═════ MATERIAL PROVIDED ═════
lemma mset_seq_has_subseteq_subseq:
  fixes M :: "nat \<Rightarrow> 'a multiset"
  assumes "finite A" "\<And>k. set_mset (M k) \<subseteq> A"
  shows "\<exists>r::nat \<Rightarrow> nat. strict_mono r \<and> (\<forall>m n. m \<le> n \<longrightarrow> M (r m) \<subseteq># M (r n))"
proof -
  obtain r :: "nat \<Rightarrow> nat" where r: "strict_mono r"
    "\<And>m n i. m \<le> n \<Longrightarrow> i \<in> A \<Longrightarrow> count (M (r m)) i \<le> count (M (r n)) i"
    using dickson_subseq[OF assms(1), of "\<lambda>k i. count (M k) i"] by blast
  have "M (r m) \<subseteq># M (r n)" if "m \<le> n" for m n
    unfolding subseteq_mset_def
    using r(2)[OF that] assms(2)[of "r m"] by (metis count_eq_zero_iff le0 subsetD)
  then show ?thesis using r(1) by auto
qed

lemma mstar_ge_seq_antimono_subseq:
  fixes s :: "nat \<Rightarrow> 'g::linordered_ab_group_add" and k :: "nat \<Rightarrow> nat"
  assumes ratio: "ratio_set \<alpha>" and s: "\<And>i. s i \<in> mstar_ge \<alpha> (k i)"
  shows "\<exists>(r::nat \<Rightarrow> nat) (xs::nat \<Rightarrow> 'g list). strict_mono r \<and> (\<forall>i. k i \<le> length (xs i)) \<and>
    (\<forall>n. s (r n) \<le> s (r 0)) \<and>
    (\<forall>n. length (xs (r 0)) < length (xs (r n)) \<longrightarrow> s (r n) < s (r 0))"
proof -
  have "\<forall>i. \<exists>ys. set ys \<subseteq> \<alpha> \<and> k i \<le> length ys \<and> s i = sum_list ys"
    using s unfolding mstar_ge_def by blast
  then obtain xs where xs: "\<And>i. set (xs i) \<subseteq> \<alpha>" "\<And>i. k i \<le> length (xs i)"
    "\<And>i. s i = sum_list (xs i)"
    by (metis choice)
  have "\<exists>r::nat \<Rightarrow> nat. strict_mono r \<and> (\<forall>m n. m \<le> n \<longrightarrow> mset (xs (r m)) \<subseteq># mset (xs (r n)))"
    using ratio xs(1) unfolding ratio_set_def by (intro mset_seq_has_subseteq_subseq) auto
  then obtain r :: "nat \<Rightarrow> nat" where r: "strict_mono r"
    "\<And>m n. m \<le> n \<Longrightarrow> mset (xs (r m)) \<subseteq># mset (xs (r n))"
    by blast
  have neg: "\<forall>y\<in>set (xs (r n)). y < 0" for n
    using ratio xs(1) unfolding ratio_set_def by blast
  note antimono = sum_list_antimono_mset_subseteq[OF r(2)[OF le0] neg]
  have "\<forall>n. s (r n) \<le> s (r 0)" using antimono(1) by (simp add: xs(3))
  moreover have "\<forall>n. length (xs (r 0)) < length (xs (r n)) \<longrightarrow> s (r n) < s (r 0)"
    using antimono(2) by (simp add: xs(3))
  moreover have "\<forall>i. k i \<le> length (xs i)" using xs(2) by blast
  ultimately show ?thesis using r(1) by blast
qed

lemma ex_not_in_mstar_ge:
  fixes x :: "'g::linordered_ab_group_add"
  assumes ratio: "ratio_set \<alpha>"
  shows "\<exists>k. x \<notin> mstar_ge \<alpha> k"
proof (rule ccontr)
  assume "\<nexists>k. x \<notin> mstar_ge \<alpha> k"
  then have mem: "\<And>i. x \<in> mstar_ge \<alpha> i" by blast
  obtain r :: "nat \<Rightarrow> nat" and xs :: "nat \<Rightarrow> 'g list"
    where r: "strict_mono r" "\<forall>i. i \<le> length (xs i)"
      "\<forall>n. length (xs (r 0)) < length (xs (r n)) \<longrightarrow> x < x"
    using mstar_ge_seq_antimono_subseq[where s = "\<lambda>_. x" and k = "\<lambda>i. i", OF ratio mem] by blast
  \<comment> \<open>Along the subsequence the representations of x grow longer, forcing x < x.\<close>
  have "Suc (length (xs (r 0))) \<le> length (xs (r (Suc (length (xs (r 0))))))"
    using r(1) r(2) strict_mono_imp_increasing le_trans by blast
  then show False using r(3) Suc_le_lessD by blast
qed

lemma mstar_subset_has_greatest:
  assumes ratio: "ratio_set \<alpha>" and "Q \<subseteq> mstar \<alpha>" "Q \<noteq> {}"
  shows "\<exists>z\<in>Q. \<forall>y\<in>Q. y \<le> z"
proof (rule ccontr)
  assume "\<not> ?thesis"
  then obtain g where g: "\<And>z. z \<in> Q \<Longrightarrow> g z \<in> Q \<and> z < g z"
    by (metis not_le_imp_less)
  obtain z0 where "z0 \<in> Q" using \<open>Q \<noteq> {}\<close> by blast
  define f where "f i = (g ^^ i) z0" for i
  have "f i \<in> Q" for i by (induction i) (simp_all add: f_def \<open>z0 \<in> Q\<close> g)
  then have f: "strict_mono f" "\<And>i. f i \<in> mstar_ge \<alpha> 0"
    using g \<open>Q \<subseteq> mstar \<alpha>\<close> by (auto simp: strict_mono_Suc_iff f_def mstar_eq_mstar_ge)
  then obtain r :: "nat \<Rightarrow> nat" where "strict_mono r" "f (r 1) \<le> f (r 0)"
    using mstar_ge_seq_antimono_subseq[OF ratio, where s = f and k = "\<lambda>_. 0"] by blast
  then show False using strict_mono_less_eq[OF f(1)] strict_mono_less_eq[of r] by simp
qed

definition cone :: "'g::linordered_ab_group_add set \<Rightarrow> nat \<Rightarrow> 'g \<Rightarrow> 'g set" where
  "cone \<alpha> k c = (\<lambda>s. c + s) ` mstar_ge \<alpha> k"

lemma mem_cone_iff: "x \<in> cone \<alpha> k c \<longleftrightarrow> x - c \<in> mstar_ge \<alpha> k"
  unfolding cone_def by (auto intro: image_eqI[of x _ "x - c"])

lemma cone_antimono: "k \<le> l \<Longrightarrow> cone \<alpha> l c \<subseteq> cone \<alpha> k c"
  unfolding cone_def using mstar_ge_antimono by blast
═════
═════ MATERIAL PROVIDED ═════
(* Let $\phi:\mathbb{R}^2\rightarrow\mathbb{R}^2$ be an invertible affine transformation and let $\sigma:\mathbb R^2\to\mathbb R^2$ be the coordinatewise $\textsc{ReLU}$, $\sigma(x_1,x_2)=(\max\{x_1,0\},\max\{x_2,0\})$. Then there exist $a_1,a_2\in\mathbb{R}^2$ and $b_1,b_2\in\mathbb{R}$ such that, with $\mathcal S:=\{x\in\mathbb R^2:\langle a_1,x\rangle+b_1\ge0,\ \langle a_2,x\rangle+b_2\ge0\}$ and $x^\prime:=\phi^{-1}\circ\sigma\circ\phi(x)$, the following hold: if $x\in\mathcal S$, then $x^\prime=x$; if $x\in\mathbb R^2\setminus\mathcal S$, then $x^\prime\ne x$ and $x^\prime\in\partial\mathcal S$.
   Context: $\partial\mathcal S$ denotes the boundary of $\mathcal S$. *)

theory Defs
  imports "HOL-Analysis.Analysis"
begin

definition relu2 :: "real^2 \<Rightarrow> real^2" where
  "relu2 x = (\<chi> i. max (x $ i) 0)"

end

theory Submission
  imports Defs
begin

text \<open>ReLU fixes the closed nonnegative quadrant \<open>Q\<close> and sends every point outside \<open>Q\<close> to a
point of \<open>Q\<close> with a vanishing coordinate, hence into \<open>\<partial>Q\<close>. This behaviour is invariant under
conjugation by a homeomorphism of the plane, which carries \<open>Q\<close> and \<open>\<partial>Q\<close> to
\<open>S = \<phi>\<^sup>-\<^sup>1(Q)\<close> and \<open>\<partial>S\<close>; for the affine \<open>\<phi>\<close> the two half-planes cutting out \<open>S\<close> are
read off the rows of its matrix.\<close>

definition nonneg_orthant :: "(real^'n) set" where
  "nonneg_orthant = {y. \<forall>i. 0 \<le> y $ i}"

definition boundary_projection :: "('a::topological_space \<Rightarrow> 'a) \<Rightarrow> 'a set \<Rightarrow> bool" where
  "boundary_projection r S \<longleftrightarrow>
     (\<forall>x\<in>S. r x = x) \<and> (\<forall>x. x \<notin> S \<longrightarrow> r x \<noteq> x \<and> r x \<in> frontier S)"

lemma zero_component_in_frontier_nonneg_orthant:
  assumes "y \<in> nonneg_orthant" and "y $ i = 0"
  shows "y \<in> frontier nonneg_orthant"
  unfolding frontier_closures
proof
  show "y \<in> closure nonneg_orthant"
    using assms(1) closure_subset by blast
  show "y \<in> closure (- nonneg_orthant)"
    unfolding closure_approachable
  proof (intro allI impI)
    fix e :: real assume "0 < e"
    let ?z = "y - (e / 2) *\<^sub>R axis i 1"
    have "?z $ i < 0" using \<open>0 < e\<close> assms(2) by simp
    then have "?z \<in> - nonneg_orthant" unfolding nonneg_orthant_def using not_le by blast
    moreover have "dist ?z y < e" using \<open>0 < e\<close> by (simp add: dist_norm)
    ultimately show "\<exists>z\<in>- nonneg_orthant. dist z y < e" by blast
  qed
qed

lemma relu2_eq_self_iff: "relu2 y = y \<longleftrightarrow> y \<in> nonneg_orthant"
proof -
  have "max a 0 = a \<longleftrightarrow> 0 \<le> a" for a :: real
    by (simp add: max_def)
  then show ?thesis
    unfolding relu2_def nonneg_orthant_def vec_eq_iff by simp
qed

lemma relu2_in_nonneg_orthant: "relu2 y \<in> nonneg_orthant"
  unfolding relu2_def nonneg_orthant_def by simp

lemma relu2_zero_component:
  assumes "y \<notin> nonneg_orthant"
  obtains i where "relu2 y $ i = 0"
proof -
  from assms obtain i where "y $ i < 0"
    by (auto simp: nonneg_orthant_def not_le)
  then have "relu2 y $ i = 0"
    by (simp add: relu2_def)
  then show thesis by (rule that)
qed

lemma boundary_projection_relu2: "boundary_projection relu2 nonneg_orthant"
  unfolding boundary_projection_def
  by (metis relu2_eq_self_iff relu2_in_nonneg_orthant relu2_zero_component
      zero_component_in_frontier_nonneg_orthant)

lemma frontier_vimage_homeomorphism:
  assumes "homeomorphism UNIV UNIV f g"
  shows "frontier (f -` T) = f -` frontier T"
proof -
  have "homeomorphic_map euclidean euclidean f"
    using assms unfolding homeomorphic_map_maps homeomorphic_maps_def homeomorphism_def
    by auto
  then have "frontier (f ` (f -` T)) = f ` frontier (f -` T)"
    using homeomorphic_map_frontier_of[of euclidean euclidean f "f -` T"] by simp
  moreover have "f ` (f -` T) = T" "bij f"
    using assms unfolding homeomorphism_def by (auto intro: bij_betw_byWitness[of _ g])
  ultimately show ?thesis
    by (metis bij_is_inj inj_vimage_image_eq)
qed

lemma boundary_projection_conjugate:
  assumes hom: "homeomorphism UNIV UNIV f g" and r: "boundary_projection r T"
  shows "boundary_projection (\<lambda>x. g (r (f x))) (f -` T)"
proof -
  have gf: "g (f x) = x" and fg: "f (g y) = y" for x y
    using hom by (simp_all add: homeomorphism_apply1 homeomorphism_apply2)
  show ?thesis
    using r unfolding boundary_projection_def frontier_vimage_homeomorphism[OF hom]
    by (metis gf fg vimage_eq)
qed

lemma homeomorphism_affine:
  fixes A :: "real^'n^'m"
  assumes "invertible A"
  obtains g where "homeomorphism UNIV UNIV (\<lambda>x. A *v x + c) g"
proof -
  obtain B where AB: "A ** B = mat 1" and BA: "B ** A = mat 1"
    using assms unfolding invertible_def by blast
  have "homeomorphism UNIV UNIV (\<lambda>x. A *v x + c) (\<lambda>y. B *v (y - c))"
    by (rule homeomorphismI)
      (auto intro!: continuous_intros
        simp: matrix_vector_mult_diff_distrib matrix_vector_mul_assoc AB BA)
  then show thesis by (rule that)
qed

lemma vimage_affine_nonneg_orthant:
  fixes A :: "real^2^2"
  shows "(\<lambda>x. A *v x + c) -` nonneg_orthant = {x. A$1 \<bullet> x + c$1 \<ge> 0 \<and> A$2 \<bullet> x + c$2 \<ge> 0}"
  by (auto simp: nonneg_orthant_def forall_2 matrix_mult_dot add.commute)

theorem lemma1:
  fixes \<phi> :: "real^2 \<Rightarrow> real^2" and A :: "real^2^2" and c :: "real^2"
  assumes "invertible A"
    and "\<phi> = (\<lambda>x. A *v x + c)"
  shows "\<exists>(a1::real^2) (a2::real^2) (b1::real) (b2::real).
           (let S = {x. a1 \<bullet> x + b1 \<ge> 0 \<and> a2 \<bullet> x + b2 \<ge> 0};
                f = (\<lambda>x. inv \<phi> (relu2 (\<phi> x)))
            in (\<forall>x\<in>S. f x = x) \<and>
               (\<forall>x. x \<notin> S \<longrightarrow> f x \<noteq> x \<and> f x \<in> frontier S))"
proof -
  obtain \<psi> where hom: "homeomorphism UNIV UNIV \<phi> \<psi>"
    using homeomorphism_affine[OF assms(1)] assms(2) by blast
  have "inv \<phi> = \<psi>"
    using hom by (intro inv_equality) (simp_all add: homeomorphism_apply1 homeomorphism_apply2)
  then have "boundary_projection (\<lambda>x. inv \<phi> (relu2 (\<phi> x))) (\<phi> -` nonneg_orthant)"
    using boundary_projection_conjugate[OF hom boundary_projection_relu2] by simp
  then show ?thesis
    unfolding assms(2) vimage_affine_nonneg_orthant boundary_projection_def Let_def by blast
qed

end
═════
═════ MATERIAL PROVIDED ═════
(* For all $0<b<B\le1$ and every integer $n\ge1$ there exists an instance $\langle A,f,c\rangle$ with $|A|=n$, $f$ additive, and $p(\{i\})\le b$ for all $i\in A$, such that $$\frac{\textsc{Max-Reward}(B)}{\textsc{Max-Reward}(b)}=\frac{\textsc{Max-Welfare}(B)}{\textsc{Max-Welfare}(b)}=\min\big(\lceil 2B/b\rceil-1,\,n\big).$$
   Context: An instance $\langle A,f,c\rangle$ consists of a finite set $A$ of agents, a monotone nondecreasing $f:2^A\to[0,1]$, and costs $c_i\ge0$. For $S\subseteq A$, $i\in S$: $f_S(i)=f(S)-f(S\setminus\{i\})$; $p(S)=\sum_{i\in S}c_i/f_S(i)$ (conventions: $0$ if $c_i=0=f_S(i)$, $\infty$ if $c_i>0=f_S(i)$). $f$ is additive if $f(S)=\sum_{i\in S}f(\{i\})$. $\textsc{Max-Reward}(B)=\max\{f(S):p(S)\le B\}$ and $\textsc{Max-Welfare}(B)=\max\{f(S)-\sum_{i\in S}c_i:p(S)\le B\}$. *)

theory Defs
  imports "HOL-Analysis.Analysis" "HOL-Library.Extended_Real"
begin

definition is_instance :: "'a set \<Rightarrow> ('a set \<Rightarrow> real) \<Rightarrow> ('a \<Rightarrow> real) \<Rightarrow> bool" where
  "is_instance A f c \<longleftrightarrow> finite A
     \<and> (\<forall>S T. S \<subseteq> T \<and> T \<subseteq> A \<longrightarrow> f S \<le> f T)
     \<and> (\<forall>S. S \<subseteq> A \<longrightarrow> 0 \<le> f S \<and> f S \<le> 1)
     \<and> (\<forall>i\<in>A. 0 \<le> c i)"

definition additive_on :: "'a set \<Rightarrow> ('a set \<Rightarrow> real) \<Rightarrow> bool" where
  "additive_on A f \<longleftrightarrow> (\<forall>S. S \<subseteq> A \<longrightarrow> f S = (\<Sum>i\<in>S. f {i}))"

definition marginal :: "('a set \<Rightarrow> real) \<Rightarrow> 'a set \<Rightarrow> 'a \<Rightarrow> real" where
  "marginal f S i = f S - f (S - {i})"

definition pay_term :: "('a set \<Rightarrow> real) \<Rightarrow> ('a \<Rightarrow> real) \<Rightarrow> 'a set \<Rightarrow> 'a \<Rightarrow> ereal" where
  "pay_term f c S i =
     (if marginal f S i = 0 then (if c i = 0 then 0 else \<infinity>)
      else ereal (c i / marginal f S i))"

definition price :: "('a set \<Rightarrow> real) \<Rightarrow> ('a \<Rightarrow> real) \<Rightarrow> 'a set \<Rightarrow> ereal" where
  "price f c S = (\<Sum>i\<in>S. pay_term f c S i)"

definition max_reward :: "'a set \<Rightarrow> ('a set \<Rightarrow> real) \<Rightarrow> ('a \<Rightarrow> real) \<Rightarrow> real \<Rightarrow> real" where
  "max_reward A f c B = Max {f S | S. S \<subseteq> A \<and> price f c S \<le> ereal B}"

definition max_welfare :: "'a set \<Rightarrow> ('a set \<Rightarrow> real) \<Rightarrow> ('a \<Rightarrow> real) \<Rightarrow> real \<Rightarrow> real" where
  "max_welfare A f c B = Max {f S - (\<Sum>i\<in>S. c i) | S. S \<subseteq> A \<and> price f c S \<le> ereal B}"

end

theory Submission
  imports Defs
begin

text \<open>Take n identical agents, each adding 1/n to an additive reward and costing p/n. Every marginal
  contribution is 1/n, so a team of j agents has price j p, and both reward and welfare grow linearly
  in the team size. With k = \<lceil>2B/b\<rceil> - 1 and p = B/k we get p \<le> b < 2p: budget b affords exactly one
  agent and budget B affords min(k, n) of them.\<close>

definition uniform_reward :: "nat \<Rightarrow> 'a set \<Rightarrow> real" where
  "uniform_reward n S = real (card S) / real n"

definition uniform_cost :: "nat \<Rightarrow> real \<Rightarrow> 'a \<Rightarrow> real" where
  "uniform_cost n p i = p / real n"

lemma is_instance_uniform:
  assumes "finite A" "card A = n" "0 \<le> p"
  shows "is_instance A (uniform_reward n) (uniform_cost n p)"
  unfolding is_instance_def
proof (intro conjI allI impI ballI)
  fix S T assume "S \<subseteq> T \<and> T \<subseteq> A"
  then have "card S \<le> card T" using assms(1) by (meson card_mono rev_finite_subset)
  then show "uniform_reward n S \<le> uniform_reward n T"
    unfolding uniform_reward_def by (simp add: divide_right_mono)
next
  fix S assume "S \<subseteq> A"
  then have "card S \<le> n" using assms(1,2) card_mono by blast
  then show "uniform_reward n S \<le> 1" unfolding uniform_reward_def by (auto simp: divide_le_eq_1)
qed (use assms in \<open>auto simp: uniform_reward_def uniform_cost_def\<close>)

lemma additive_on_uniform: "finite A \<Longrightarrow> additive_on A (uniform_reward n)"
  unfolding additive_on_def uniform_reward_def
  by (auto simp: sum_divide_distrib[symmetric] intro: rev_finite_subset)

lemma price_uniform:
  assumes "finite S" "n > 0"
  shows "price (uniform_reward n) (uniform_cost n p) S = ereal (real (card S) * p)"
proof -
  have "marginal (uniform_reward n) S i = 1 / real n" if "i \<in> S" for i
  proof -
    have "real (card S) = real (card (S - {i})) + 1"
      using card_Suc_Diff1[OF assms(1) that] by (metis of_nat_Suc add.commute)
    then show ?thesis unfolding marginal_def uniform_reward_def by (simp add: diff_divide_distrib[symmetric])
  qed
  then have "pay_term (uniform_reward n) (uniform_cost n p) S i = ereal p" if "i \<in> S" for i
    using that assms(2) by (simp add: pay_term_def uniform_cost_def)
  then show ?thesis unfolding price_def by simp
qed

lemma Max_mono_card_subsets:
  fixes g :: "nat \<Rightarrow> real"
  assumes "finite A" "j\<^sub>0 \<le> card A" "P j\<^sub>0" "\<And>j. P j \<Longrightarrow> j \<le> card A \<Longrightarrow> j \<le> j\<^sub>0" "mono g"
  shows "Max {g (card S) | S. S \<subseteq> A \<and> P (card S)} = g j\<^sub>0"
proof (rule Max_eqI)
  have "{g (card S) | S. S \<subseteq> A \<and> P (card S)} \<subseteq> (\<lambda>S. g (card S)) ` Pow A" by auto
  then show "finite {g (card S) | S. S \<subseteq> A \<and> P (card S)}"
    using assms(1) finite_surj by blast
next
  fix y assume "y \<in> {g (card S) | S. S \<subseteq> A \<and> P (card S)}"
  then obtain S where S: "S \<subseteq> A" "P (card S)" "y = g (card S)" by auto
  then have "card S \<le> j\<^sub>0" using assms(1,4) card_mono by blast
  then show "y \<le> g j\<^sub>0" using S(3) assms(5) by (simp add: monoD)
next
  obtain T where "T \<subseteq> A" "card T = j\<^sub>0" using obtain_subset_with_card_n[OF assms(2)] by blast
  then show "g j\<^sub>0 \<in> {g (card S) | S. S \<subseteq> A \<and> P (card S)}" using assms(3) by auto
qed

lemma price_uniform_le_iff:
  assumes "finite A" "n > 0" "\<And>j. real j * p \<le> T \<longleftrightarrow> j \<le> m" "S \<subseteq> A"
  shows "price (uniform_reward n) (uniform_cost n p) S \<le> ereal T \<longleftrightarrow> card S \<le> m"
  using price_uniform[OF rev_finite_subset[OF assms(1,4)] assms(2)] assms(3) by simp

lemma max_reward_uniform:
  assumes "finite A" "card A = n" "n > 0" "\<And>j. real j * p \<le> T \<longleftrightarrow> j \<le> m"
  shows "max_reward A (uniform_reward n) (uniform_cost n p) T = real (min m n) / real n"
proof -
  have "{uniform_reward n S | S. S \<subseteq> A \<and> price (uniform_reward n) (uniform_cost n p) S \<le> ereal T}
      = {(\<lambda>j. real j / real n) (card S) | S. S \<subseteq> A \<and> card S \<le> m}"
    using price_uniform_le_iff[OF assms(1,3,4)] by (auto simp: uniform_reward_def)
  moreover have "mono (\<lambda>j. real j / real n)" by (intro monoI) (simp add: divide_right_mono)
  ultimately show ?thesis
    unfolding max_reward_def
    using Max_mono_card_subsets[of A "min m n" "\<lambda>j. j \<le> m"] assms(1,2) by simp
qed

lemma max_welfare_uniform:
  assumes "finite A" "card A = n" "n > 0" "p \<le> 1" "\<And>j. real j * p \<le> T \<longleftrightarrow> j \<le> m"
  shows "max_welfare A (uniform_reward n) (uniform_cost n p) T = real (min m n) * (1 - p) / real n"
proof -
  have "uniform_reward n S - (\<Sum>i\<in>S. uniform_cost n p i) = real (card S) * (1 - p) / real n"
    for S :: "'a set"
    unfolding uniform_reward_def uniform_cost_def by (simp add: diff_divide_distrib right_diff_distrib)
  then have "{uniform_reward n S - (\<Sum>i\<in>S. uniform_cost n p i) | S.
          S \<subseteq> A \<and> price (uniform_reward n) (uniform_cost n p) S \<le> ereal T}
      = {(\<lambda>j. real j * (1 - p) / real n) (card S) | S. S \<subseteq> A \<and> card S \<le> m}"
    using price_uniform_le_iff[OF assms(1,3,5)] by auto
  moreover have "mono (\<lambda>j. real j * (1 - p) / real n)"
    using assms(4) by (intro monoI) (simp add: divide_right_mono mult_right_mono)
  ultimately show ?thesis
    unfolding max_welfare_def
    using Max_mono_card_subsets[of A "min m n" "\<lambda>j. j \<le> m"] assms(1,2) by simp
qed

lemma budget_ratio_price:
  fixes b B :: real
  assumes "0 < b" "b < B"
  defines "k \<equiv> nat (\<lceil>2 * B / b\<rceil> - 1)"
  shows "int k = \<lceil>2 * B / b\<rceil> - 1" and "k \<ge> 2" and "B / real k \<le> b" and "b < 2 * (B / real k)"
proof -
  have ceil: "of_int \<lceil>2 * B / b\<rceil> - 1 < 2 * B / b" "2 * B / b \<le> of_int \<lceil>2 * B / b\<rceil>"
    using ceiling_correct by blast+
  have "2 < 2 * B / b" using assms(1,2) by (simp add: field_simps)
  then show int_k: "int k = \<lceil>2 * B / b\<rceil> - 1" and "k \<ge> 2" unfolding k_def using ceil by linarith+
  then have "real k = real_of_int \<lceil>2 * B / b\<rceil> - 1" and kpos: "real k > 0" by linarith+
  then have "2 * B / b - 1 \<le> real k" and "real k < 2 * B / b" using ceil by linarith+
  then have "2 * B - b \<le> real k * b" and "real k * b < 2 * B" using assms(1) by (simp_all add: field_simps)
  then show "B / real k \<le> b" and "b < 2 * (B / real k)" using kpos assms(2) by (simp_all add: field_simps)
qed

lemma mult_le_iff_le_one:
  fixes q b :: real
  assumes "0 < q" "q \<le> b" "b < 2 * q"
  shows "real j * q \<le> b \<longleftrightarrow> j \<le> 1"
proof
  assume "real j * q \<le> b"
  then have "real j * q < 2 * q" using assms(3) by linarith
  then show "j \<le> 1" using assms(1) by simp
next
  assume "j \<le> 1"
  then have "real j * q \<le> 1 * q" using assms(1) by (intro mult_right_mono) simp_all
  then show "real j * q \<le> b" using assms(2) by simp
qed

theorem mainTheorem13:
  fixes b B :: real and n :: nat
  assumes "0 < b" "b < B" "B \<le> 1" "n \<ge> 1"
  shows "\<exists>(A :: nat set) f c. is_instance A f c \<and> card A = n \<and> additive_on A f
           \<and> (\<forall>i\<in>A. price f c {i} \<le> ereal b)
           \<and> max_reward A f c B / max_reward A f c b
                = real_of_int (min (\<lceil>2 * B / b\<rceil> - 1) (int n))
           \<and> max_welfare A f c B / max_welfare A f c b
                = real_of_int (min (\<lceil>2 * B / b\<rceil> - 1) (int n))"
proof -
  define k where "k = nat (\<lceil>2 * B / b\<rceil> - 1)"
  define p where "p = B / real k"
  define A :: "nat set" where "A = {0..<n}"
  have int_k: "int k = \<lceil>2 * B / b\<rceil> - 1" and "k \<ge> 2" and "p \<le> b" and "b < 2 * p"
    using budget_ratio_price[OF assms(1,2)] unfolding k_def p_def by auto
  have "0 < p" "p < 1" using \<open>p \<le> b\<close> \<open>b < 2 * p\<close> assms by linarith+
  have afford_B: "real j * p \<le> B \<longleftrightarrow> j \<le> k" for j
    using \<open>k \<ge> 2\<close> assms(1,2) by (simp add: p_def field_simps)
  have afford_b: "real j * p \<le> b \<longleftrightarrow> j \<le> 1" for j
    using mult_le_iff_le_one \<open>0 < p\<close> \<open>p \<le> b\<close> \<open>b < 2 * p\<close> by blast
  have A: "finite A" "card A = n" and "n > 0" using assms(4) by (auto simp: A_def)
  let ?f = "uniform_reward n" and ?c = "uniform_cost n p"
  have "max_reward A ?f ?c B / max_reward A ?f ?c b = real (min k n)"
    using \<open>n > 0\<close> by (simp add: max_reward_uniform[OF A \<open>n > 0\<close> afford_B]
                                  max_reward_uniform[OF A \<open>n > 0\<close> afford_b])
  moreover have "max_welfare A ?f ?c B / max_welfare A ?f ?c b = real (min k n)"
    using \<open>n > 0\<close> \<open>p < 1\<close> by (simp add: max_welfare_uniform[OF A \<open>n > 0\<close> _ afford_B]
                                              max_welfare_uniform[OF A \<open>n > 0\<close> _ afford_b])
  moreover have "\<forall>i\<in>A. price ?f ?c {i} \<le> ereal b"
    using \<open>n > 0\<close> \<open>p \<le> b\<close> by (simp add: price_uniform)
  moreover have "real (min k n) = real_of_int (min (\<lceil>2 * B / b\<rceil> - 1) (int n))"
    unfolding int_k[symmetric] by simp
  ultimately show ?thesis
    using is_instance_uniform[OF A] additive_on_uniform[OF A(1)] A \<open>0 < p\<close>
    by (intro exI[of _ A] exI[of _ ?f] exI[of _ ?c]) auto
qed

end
═════
> [TASK DETAILS]:
How many of the listing's lines include "point"? State only that number.

> [ANSWER]:
2